### Requirement
From the entries below, copy every line holding the word "that".

[Saved data entries]

- Opening Delimiter -

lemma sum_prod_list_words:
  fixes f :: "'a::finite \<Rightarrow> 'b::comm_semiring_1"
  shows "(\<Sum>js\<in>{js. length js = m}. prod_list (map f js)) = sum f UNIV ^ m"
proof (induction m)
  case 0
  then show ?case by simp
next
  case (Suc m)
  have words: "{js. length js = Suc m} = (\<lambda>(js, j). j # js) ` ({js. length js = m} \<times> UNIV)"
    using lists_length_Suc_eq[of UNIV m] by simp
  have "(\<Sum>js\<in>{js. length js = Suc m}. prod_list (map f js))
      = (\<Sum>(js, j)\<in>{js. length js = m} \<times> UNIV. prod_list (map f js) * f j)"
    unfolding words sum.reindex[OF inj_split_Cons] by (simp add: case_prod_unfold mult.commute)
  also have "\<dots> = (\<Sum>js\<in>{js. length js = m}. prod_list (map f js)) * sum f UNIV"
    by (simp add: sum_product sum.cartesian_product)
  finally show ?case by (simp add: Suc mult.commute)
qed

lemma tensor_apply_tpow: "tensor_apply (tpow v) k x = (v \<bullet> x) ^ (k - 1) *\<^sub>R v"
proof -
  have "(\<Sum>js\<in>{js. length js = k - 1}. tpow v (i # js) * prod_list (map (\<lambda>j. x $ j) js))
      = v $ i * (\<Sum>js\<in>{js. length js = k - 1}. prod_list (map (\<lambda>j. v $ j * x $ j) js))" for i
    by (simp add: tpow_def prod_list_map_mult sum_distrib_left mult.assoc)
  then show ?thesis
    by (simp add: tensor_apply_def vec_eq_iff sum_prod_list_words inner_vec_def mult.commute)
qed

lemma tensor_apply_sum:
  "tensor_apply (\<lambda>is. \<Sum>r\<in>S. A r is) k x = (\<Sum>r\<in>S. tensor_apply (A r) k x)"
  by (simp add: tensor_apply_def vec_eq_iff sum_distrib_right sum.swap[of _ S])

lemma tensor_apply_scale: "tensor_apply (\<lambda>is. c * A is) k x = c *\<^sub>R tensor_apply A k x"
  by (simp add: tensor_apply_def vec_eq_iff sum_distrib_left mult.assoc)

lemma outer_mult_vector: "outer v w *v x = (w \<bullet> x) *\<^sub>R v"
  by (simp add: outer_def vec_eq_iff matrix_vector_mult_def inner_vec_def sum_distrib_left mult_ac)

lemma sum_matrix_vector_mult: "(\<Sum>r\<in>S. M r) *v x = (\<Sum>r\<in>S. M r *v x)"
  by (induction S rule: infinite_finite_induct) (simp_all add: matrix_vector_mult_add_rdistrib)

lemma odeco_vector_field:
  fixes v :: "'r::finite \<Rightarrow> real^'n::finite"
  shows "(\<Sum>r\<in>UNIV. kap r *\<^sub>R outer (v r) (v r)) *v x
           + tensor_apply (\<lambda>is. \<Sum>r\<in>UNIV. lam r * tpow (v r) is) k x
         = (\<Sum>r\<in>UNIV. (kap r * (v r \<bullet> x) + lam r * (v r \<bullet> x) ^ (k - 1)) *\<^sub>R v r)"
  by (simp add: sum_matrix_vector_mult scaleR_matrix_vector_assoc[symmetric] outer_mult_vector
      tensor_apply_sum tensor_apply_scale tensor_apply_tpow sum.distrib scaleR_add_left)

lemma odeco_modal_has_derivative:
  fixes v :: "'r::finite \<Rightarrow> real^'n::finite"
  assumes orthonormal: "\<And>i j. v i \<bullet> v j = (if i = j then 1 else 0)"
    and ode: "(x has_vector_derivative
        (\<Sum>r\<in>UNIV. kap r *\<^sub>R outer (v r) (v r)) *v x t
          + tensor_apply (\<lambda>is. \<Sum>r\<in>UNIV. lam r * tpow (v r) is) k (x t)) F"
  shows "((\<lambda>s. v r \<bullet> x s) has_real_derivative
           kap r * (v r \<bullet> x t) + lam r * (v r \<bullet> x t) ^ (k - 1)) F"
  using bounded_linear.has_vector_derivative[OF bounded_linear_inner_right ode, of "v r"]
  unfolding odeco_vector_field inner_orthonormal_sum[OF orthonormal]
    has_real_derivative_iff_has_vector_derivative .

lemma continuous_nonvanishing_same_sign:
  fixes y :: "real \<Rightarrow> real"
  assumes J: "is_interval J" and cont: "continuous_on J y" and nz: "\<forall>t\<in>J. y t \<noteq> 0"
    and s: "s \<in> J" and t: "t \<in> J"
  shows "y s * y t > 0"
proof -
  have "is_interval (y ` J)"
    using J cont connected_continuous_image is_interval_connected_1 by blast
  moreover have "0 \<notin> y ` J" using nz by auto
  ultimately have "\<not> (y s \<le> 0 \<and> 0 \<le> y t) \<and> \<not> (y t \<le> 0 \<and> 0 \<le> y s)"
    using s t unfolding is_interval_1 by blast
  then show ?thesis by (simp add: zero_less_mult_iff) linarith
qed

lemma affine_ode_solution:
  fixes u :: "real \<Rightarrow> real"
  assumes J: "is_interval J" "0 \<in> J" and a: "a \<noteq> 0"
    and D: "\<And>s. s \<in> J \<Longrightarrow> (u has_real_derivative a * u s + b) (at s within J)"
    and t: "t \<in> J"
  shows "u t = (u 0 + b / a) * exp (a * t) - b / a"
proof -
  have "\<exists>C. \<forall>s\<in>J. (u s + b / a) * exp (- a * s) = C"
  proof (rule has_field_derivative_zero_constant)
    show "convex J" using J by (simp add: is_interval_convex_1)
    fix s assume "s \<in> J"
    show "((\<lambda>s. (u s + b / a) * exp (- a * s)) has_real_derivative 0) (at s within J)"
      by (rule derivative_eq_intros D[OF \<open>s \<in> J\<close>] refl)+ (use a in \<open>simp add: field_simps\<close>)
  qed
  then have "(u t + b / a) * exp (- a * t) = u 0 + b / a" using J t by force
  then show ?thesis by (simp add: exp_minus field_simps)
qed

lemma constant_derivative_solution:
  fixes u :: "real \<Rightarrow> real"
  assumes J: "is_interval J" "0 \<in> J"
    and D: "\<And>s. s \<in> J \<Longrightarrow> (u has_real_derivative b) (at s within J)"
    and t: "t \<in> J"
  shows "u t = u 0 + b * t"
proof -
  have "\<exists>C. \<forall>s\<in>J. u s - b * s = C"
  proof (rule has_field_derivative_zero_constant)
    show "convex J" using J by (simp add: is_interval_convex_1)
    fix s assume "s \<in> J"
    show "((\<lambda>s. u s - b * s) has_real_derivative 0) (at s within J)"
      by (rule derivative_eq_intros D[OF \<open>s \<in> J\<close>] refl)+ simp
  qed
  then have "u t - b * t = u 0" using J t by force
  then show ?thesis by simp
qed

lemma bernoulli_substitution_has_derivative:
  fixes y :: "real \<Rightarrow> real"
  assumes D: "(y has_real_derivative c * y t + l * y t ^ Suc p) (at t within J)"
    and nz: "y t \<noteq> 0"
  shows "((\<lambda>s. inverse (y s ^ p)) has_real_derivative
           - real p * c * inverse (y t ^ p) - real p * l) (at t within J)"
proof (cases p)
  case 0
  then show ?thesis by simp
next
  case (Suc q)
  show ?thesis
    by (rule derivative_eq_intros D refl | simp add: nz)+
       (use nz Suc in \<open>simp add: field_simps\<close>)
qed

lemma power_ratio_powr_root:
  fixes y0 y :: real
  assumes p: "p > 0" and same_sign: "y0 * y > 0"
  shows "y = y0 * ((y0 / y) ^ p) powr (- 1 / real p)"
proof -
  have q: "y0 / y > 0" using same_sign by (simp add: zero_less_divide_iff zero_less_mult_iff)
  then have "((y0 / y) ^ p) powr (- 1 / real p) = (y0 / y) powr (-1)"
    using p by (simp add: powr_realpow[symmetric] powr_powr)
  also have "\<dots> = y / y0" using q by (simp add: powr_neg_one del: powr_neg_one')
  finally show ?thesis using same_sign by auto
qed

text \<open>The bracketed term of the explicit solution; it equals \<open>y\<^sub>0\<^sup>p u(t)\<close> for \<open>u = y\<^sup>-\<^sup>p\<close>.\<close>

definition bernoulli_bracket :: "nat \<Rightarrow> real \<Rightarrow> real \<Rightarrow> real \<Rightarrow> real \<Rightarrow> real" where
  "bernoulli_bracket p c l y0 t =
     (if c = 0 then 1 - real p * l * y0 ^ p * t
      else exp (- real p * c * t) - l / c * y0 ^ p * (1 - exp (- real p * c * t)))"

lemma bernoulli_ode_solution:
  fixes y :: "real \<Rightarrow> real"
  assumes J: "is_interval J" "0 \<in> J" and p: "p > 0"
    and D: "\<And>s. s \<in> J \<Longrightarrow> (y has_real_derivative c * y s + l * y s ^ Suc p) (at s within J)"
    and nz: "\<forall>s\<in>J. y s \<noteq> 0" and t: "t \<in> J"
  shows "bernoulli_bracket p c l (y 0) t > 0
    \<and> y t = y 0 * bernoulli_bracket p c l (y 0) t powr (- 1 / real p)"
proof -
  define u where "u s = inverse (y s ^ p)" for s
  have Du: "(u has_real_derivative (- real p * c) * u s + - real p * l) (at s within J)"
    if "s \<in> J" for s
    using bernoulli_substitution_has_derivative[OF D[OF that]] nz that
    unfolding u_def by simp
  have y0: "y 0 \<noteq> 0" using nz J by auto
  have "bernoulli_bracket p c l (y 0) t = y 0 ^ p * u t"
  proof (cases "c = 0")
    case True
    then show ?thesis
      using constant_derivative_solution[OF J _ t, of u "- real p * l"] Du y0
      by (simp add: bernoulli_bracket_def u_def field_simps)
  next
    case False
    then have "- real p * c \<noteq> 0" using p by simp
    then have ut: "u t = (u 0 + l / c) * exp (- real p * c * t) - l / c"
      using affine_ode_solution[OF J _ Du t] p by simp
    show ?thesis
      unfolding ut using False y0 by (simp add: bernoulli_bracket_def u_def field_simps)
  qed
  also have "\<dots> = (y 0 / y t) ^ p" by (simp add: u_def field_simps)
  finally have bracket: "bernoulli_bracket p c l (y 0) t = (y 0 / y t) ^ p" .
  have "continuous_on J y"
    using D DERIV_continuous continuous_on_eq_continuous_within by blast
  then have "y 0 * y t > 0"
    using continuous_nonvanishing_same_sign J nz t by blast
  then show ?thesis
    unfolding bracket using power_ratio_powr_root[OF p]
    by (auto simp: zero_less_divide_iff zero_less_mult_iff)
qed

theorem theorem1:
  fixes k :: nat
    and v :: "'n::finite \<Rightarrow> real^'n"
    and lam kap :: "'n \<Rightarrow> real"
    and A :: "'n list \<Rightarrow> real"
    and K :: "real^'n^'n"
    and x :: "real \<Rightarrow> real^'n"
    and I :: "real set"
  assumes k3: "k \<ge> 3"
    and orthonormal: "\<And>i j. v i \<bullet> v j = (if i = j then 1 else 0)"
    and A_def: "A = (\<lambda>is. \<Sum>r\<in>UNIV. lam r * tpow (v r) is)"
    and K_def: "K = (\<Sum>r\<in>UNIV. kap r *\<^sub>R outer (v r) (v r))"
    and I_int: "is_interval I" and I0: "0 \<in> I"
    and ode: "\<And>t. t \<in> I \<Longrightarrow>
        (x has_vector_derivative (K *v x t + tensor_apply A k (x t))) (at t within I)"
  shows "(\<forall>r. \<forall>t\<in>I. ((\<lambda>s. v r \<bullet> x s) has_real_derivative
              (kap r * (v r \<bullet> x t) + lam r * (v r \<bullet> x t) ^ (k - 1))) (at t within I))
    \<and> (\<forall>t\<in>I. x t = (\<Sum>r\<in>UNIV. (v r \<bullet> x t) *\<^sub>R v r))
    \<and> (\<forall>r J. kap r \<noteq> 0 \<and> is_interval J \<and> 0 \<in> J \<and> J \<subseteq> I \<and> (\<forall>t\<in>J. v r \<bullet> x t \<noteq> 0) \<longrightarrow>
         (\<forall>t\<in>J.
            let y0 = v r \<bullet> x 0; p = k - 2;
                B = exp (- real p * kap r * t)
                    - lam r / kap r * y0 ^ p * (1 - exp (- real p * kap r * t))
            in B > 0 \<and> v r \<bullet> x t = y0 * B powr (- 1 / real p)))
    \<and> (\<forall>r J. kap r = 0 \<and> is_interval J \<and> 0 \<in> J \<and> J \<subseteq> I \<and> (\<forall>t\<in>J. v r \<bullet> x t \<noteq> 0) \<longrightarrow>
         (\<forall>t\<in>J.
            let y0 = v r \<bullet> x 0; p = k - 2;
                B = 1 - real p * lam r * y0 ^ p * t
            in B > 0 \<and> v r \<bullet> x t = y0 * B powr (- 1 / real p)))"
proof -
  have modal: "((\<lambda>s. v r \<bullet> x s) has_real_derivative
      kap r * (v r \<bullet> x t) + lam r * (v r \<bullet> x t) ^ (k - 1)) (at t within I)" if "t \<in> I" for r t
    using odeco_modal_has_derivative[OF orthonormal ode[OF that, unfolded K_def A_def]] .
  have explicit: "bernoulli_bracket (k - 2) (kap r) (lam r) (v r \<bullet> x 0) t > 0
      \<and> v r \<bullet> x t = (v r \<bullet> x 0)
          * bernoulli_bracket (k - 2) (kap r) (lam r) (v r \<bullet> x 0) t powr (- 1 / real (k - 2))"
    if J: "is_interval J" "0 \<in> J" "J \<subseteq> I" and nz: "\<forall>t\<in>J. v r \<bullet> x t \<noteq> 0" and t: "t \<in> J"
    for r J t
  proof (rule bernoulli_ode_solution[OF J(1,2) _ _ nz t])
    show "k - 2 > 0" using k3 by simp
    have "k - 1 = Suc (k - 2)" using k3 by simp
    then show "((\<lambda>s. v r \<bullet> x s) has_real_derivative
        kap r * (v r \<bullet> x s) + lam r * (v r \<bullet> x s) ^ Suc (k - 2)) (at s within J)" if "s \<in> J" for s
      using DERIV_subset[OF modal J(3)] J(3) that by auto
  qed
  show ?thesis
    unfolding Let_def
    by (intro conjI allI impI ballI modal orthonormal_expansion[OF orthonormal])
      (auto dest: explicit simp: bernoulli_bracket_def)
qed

- Closing Delimiter -

### Completed task
    using bernoulli_substitution_has_derivative[OF D[OF that]] nz that
    using odeco_modal_has_derivative[OF orthonormal ode[OF that, unfolded K_def A_def]] .
      using DERIV_subset[OF modal J(3)] J(3) that by auto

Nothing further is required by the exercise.